(Saved entries)
++++++++++
text \<open>Upper bound: take an odd prime \<open>p\<close> dividing \<open>m = r p\<close>. A weight \<open>(r x)\<^sup>2\<close> with \<open>x\<close> prime to \<open>p\<close>
  is a nonzero square modulo \<open>m\<^sup>2\<close>, so it suffices to find consecutive terms \<open>y\<^sub>q\<close> and \<open>p\<close>-units \<open>x\<^sub>q\<close>
  with \<open>\<Sum> x\<^sub>q\<^sup>2 y\<^sub>q \<equiv> 0 (mod p\<^sup>2)\<close>. Among nine terms, either one is divisible by \<open>p\<^sup>2\<close>, or there are
  three successive \<open>p\<close>-units separated only by multiples of \<open>p\<close>, or three adjacent terms divisible
  by \<open>p\<close> exactly once. In the last two cases one of the diagonal forms \<open>a x\<^sup>2 + b y\<^sup>2\<close>,
  \<open>b y\<^sup>2 + c z\<^sup>2\<close>, \<open>a x\<^sup>2 + b y\<^sup>2 + c z\<^sup>2\<close> has a zero in units modulo \<open>p\<close>, which is lifted to \<open>p\<^sup>2\<close>
  by Hensel's lemma in the unit case.

  Lower bound: choose \<open>c\<close> such that \<open>-c\<close> is a nonresidue modulo every prime divisor of \<open>m\<close>. Then
  \<open>m | x\<^sup>2 + c y\<^sup>2\<close> forces \<open>m | x\<close> and \<open>m | y\<close>, since \<open>m\<close> is squarefree, and this rules out every
  weighted zero-sum block of \<open>(m, mc, 1, m, mc, c, m, mc)\<close>: modulo \<open>m\<close> only the terms \<open>1\<close> and \<open>c\<close>
  survive, and a block avoiding them lies inside some \<open>(m, mc)\<close>.\<close>

section \<open>Quadratic residues and diagonal quadratic forms\<close>

lemma QuadRes_cong:
  assumes "[a = b] (mod p)"
  shows "QuadRes p a \<longleftrightarrow> QuadRes p b"
  using assms unfolding QuadRes_def by (meson cong_sym cong_trans)

lemma not_QuadRes_imp_not_dvd:
  assumes "\<not> QuadRes p a"
  shows "\<not> p dvd a"
  using assms unfolding QuadRes_def by (metis cong_0_iff cong_sym zero_power2)

lemma not_dvd_of_square_cong:
  fixes p s a :: int
  assumes "[s^2 = a] (mod p)" "\<not> p dvd a"
  shows "\<not> p dvd s"
proof
  assume "p dvd s"
  then have "p dvd s^2" by (simp add: power2_eq_square)
  then show False using assms cong_dvd_iff by blast
qed

lemma inverse_mod_prime:
  fixes p a :: int
  assumes "prime p" "\<not> p dvd a"
  obtains v where "[a * v = 1] (mod p)"
  using cong_solve_coprime_int prime_imp_coprime[OF assms] by (auto simp: coprime_commute)

lemma QuadRes_mult_nonres:
  fixes p a b :: int
  assumes p: "prime p" "p > 2" and "\<not> QuadRes p a" "\<not> QuadRes p b"
  shows "QuadRes p (a * b)"
proof (rule ccontr)
  assume nab: "\<not> QuadRes p (a * b)"
  define k where "k = (nat p - 1) div 2"
  have euler: "[Legendre x p = x ^ k] (mod p)" for x
  proof -
    have "prime (nat p)" "2 < nat p" using p by simp_all
    from euler_criterion[OF this, of x] show ?thesis
      using p unfolding k_def by simp
  qed
  have pow: "[x ^ k = -1] (mod p)" if "\<not> QuadRes p x" for x
  proof -
    have "Legendre x p = -1"
      using that not_QuadRes_imp_not_dvd[OF that] by (simp add: Legendre_def cong_0_iff)
    then show ?thesis using cong_sym[OF euler[of x]] by simp
  qed
  have "[(a * b) ^ k = (-1) * (-1)] (mod p)"
    unfolding power_mult_distrib using assms by (intro cong_mult pow)
  then have "[(-1) * (-1) = -1] (mod p)"
    using pow[OF nab] by (metis cong_sym cong_trans)
  then have "p dvd 2" by (simp add: cong_iff_dvd_diff)
  then have "p \<le> 2" by (rule zdvd_imp_le) simp
  with p show False by simp
qed

lemma QuadRes_cancel_square:
  fixes p a b :: int
  assumes "prime p" "\<not> p dvd b" "QuadRes p (a * b^2)"
  shows "QuadRes p a"
proof -
  obtain t where t: "[t^2 = a * b^2] (mod p)" using assms(3) unfolding QuadRes_def by blast
  obtain v where v: "[b * v = 1] (mod p)" using inverse_mod_prime assms(1,2) .
  have "[(t * v)^2 = a * b^2 * v^2] (mod p)"
    unfolding power_mult_distrib using t by (rule cong_mult) (rule cong_refl)
  also have "a * b^2 * v^2 = a * (b * v)^2" by (simp add: power_mult_distrib)
  also have "[a * (b * v)^2 = a * 1^2] (mod p)" using v by (intro cong_mult cong_pow cong_refl)
  finally show ?thesis unfolding QuadRes_def by auto
qed

lemma exists_nonres:
  fixes p :: int
  assumes "prime p" "p > 2"
  shows "\<exists>g. \<not> QuadRes p g"
proof (rule ccontr)
  assume all_res: "\<not> (\<exists>g. \<not> QuadRes p g)"
  define h where "h = (p - 1) div 2"
  have p_eq: "p = 2 * h + 1" using assms prime_odd_int unfolding h_def by (auto elim: oddE)
  have "{0..<p} \<subseteq> (\<lambda>x. x^2 mod p) ` {0..h}"
  proof
    fix r assume r: "r \<in> {0..<p}"
    obtain y where "[y^2 = r] (mod p)" using all_res unfolding QuadRes_def by blast
    then have r_eq: "r = (y mod p)^2 mod p" using r by (simp add: cong_def power_mod)
    define z where "z = y mod p"
    have z: "0 \<le> z" "z < p" using assms unfolding z_def by simp_all
    show "r \<in> (\<lambda>x. x^2 mod p) ` {0..h}"
    proof (cases "z \<le> h")
      case True
      then show ?thesis using r_eq z unfolding z_def by force
    next
      case False
      have "(p - z)^2 = z^2 + p * (p - 2 * z)" by (simp add: algebra_simps power2_eq_square)
      then have "r = (p - z)^2 mod p" using r_eq unfolding z_def by simp
      moreover have "p - z \<in> {0..h}" using False z p_eq by simp
      ultimately show ?thesis by blast
    qed
  qed
  then have "card {0..<p} \<le> card {0..h}" using card_image_le card_mono
    by (metis finite_atLeastAtMost_int finite_imageI le_trans)
  then show False using p_eq assms by simp
qed

lemma exists_nonres_successor_of_res:
  fixes p :: int
  assumes "prime p" "p > 2"
  shows "\<exists>k. \<not> QuadRes p k \<and> QuadRes p (k - 1) \<and> \<not> p dvd k - 1"
proof -
  obtain g where g: "\<not> QuadRes p g" using exists_nonres[OF assms] by blast
  have "[int (nat (g mod p)) = g] (mod p)" using assms by (simp add: cong_def)
  then have ex: "\<not> QuadRes p (int (nat (g mod p)))" using g QuadRes_cong by blast
  define K where "K = (LEAST k. \<not> QuadRes p (int k))"
  have K: "\<not> QuadRes p (int K)" unfolding K_def using ex by (rule LeastI)
  have "K \<le> nat (g mod p)" unfolding K_def using ex by (rule Least_le)
  then have "int K \<le> g mod p" using assms by (simp add: le_nat_iff)
  then have K_lt: "int K < p" using assms by (meson pos_mod_bound prime_gt_0_int order_le_less_trans)
  have res: "QuadRes p (int k)" if "k < K" for k
    using not_less_Least[of k "\<lambda>k. \<not> QuadRes p (int k)"] that unfolding K_def by blast
  have "QuadRes p 0" "QuadRes p 1" unfolding QuadRes_def by (auto intro: exI[of _ 0] exI[of _ 1])
  then have "K \<noteq> 0" "K \<noteq> 1" using K by (metis of_nat_0, metis of_nat_1)
  then have "K \<ge> 2" by linarith
  then have "QuadRes p (int K - 1)" using res[of "K - 1"] by simp
  moreover have "\<not> p dvd int K - 1" using \<open>K \<ge> 2\<close> K_lt zdvd_imp_le by fastforce
  ultimately show ?thesis using K by blast
qed

lemma isotropic_pair:
  fixes p a b :: int
  assumes "prime p" "\<not> p dvd a" "\<not> p dvd b" "QuadRes p (-(a * b))"
  shows "\<exists>x y. \<not> p dvd x \<and> \<not> p dvd y \<and> p dvd a * x^2 + b * y^2"
proof -
  obtain s where s: "[s^2 = -(a * b)] (mod p)" using assms(4) unfolding QuadRes_def by blast
  have "\<not> p dvd -(a * b)" using assms(1-3) by (simp add: prime_dvd_mult_iff)
  then have "\<not> p dvd s" using s by (rule not_dvd_of_square_cong[rotated])
  moreover have "p dvd a * (s^2 - (-(a * b)))" using s by (simp add: cong_iff_dvd_diff)
  then have "p dvd a * s^2 + b * a^2" by (simp add: algebra_simps power2_eq_square)
  ultimately show ?thesis using assms(2) by blast
qed

text \<open>The nonresidues \<open>-ab\<close> and \<open>-bc\<close> multiply to a square, hence \<open>ac \<equiv> s\<^sup>2\<close>. With a nonresidue \<open>K\<close> such that \<open>K - 1 \<equiv> A\<^sup>2\<close> and with
  \<open>w\<^sup>2 \<equiv> -Kab\<close>, one has \<open>a (Aws)\<^sup>2 + b (Ksa)\<^sup>2 + c (wa)\<^sup>2 \<equiv> a K s\<^sup>2 (w\<^sup>2 + Kab) \<equiv> 0 (mod p)\<close>.\<close>

lemma ternary_isotropic_of_nonres:
  fixes p a b c :: int
  assumes p: "prime p" "p > 2" and units: "\<not> p dvd a" "\<not> p dvd b" "\<not> p dvd c"
    and nab: "\<not> QuadRes p (-(a * b))" and nbc: "\<not> QuadRes p (-(b * c))"
  shows "\<exists>x y z. \<not> p dvd x \<and> \<not> p dvd y \<and> \<not> p dvd z \<and> p dvd a * x^2 + b * y^2 + c * z^2"
proof -
  have "QuadRes p ((a * c) * b^2)"
    using QuadRes_mult_nonres[OF p nab nbc] by (simp add: algebra_simps power2_eq_square)
  then have "QuadRes p (a * c)" using QuadRes_cancel_square p(1) units(2) by blast
  then obtain s where s: "[s^2 = a * c] (mod p)" unfolding QuadRes_def by blast
  obtain K where K: "\<not> QuadRes p K" "QuadRes p (K - 1)" "\<not> p dvd K - 1"
    using exists_nonres_successor_of_res[OF p] by blast
  then obtain A where A: "[A^2 = K - 1] (mod p)" unfolding QuadRes_def by blast
  have "QuadRes p (K * (-(a * b)))" using QuadRes_mult_nonres[OF p K(1) nab] .
  then obtain w where w: "[w^2 = K * (-(a * b))] (mod p)" unfolding QuadRes_def by blast
  have nK: "\<not> p dvd K" using not_QuadRes_imp_not_dvd[OF K(1)] .
  have ns: "\<not> p dvd s" using not_dvd_of_square_cong[OF s] p(1) units by (simp add: prime_dvd_mult_iff)
  have nw: "\<not> p dvd w"
    using not_dvd_of_square_cong[OF w] p(1) units nK by (simp add: prime_dvd_mult_iff)
  have nA: "\<not> p dvd A" using not_dvd_of_square_cong[OF A K(3)] .
  define X Y Z where "X = A * w * s" and "Y = K * s * a" and "Z = w * a"
  have "a * (a * X^2 + b * Y^2 + c * Z^2) =
      K * s^2 * a^2 * (w^2 - K * (-(a * b))) + w^2 * s^2 * a^2 * (A^2 - (K - 1))
      - w^2 * a^2 * (s^2 - a * c)"
    unfolding X_def Y_def Z_def by (simp add: algebra_simps power2_eq_square)
  also have "p dvd \<dots>"
  proof -
    have "p dvd w^2 - K * (-(a * b))" "p dvd A^2 - (K - 1)" "p dvd s^2 - a * c"
      using s w A by (simp_all add: cong_iff_dvd_diff)
    then show ?thesis by simp
  qed
  finally have "p dvd a * X^2 + b * Y^2 + c * Z^2" using p(1) units(1) by (simp add: prime_dvd_mult_iff)
  moreover have "\<not> p dvd X" "\<not> p dvd Y" "\<not> p dvd Z"
    unfolding X_def Y_def Z_def using p(1) units nA nw ns nK by (simp_all add: prime_dvd_mult_iff)
  ultimately show ?thesis by blast
qed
++++++++++
=== INSTRUCTIONS TO FOLLOW ===
Print exactly the lines from the beginning of the entries through the line with "Lower bound: choose". Output nothing more.

=== TASK ANSWER ===
text \<open>Upper bound: take an odd prime \<open>p\<close> dividing \<open>m = r p\<close>. A weight \<open>(r x)\<^sup>2\<close> with \<open>x\<close> prime to \<open>p\<close>
  is a nonzero square modulo \<open>m\<^sup>2\<close>, so it suffices to find consecutive terms \<open>y\<^sub>q\<close> and \<open>p\<close>-units \<open>x\<^sub>q\<close>
  with \<open>\<Sum> x\<^sub>q\<^sup>2 y\<^sub>q \<equiv> 0 (mod p\<^sup>2)\<close>. Among nine terms, either one is divisible by \<open>p\<^sup>2\<close>, or there are
  three successive \<open>p\<close>-units separated only by multiples of \<open>p\<close>, or three adjacent terms divisible
  by \<open>p\<close> exactly once. In the last two cases one of the diagonal forms \<open>a x\<^sup>2 + b y\<^sup>2\<close>,
  \<open>b y\<^sup>2 + c z\<^sup>2\<close>, \<open>a x\<^sup>2 + b y\<^sup>2 + c z\<^sup>2\<close> has a zero in units modulo \<open>p\<close>, which is lifted to \<open>p\<^sup>2\<close>
  by Hensel's lemma in the unit case.

  Lower bound: choose \<open>c\<close> such that \<open>-c\<close> is a nonresidue modulo every prime divisor of \<open>m\<close>. Then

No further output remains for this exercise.